Smashing Magazineの読者と、3Dビデオの作成に関する調査を共有することにしました。 また、アプリケーション作成の技術的特徴について説明し、iPhoneのマウントに使用されるフレームワークの詳細な図面を提供します。
すべてが始まった経緯
3Dビデオ機能の研究では、仮想現実の実験から始めました。 段ボールのフレームを作り、3DフォーマットのiPhone2台で世界を見渡した。 私たちの研究の詳細は私たちのブログで見つけることができます。 ここでさらに進みます。
この調査を続けて、アプリケーションの別のプロトタイプを作成することにしました。

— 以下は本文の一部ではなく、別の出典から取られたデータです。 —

lemma hop_dist_le_if_hops_within:
  assumes "y \<in> hops_within (hop V Kset) m x"
  shows "hop_dist V Kset x y \<le> enat m"
proof -
  obtain k where "k \<le> m" "(x, y) \<in> hop V Kset ^^ k"
    using assms unfolding hops_within_def by blast
  then have "hop_dist V Kset x y \<le> enat k"
    unfolding hop_dist_def by (intro Inf_lower) blast
  with \<open>k \<le> m\<close> show ?thesis
    by (simp add: order_trans)
qed

lemma hop_if_in_Vr:
  assumes "v \<in> Vr V E w Kset r" "u \<in> V" "u \<noteq> v" "gdist V E w v u \<le> ereal r"
  shows "(v, u) \<in> hop V Kset"
  using assms unfolding Vr_def ball_def hop_def by auto

lemma le_nat_ceiling_divide_mult: "0 < e \<Longrightarrow> a \<le> real (nat \<lceil>a / e\<rceil>) * e"
  using real_nat_ceiling_ge[of "a / e"] by (simp add: divide_le_eq)

lemma nat_ceiling_divide_eq_Suc:
  assumes "0 < a" "0 < e"
  obtains m where "nat \<lceil>a / e\<rceil> = Suc m"
  using assms gr0_implies_Suc[of "nat \<lceil>a / e\<rceil>"] by force

text \<open>Jump from \<open>i\<close> to the farthest \<open>i'\<close> within \<open>c + W\<close>. Since consecutive positions
  differ by at most \<open>W\<close>, the jump covers more than \<open>c\<close> unless it already reaches \<open>g\<close>.\<close>

lemma greedy_hop_step:
  fixes p :: "nat \<Rightarrow> real" and x :: "nat \<Rightarrow> 'a"
  assumes c: "0 \<le> c"
    and mono: "\<And>i j. i \<le> j \<Longrightarrow> j \<le> g \<Longrightarrow> p i \<le> p j"
    and step: "\<And>j. j < g \<Longrightarrow> p (Suc j) \<le> p j + W"
    and hop: "\<And>i j. i < j \<Longrightarrow> j \<le> g \<Longrightarrow> p j \<le> p i + c + W \<Longrightarrow> (x i, x j) \<in> R"
    and i: "i < g"
  shows "\<exists>i'. i < i' \<and> i' \<le> g \<and> (\<forall>j. i < j \<longrightarrow> j \<le> i' \<longrightarrow> (x i, x j) \<in> R)
           \<and> (i' = g \<or> p i + c < p i')"
proof -
  define S where "S = {j. i < j \<and> j \<le> g \<and> p j \<le> p i + c + W}"
  define i' where "i' = Max S"
  have "finite S"
    unfolding S_def by auto
  moreover have "Suc i \<in> S"
    unfolding S_def using i step[of i] c by auto
  ultimately have "i' \<in> S" and i'_max: "\<And>j. j \<in> S \<Longrightarrow> j \<le> i'"
    unfolding i'_def by (auto intro: Max_in)
  then have i': "i < i'" "i' \<le> g" "p i' \<le> p i + c + W"
    unfolding S_def by auto
  have "(x i, x j) \<in> R" if "i < j" "j \<le> i'" for j
    using hop[of i j] mono[of j i'] that i' by auto
  moreover have "p i + c < p i'" if "i' \<noteq> g"
  proof -
    have "Suc i' \<notin> S"
      using i'_max by fastforce
    then have "p i + c + W < p (Suc i')"
      using that i' unfolding S_def by auto
    then show ?thesis
      using step[of i'] that i' by linarith
  qed
  ultimately show ?thesis
    using i' by blast
qed

lemma greedy_hops:
  fixes p :: "nat \<Rightarrow> real" and x :: "nat \<Rightarrow> 'a"
  assumes c: "0 \<le> c"
    and mono: "\<And>i j. i \<le> j \<Longrightarrow> j \<le> g \<Longrightarrow> p i \<le> p j"
    and step: "\<And>j. j < g \<Longrightarrow> p (Suc j) \<le> p j + W"
    and hop: "\<And>i j. i < j \<Longrightarrow> j \<le> g \<Longrightarrow> p j \<le> p i + c + W \<Longrightarrow> (x i, x j) \<in> R"
  shows "\<exists>i\<le>g. (\<forall>j\<le>i. x j \<in> hops_within R (Suc m) (x 0))
           \<and> (i = g \<or> p 0 + real (Suc m) * c < p i)"
proof -
  have extend: "\<exists>i'. i \<le> i' \<and> i' \<le> g \<and> (\<forall>j\<le>i'. x j \<in> hops_within R (Suc k) (x 0))
                  \<and> (i' = g \<or> p i + c < p i')"
    if "i \<le> g" and reached: "\<forall>j\<le>i. x j \<in> hops_within R k (x 0)" for i k
  proof (cases "i = g")
    case True
    then show ?thesis
      using reached by (intro exI[of _ g]) (auto intro: hops_within_mono)
  next
    case False
    then obtain i' where i': "i < i'" "i' \<le> g" "i' = g \<or> p i + c < p i'"
      and hops: "\<And>j. i < j \<Longrightarrow> j \<le> i' \<Longrightarrow> (x i, x j) \<in> R"
      using greedy_hop_step[where p = p and x = x and R = R and g = g and c = c and W = W and i = i,
          OF c mono step hop] \<open>i \<le> g\<close>
      by auto
    have "x j \<in> hops_within R (Suc k) (x 0)" if "j \<le> i'" for j
    proof (cases "j \<le> i")
      case True
      then show ?thesis
        using reached by (auto intro: hops_within_mono)
    next
      case False
      then show ?thesis
        using reached hops[of j] that by (auto intro: hops_within_Suc)
    qed
    with i' show ?thesis
      by (intro exI[of _ i']) auto
  qed
  show ?thesis
  proof (induction m)
    case 0
    show ?case
      using extend[of 0 0] by (auto simp: hops_within_refl)
  next
    case (Suc m)
    then obtain i where "i \<le> g" "\<forall>j\<le>i. x j \<in> hops_within R (Suc m) (x 0)"
      and progress: "i = g \<or> p 0 + real (Suc m) * c < p i"
      by blast
    then obtain i' where "i \<le> i'" "i' \<le> g" "\<forall>j\<le>i'. x j \<in> hops_within R (Suc (Suc m)) (x 0)"
      and "i' = g \<or> p i + c < p i'"
      using extend by blast
    moreover have "p 0 + real (Suc (Suc m)) * c < p i'" if "i' \<noteq> g"
      using progress that calculation by (auto simp: algebra_simps)
    ultimately show ?case
      by blast
  qed
qed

これにより、立体3Dビデオを録画してYouTubeにアップロードできるようになります。
立体視は、フラットな画像に奥行きのある錯覚を作り出す方法です。 ステレオ録音は19世紀から知られています。 立体3Dビデオを作成する際に、両眼視をシミュレートします。 瞳孔間の距離により、人間の脳は周囲の空間の体積、つまり物体までの距離を分析するのがはるかに簡単になります。 双眼立体視は、映画業界で広く使用されています。 ステレオフォーマットを使わないハリウッドの傑作に出会うことはほとんどありません。
私たちのアプリのプロトタイプの目的は、2つの異なるiPhoneカメラで同時にビデオを撮影し、結果のビデオファイルを1つにマージして、Google Cardboard、バーチャルリアリティヘルメット、3DTVなどの3Dメガネを使用して表示することでした。
ステレオ画像と3D画像の認識
ステレオ画像と3D画像の認識について詳しく説明します。 実際、ステレオグラフィーは、時間の経過とともに進化した私たちの目のように機能します。 両眼の間に距離があるため、左眼と右眼の網膜に投影される画像は少し異なります。 この違いは視差と呼ばれます(2つの異なる位置から見たときにオブジェクトの位置が異なるように見える効果)。 ただし、観察者には2つの別々の画像は表示されません。 視覚装置は、単一の空間画像の知覚を形成し、ボリューム、距離などを感知できます。視覚装置は、特定のポイントで空間に配置された空間画像とオブジェクトを検出、処理、および投影することを理解することが重要です。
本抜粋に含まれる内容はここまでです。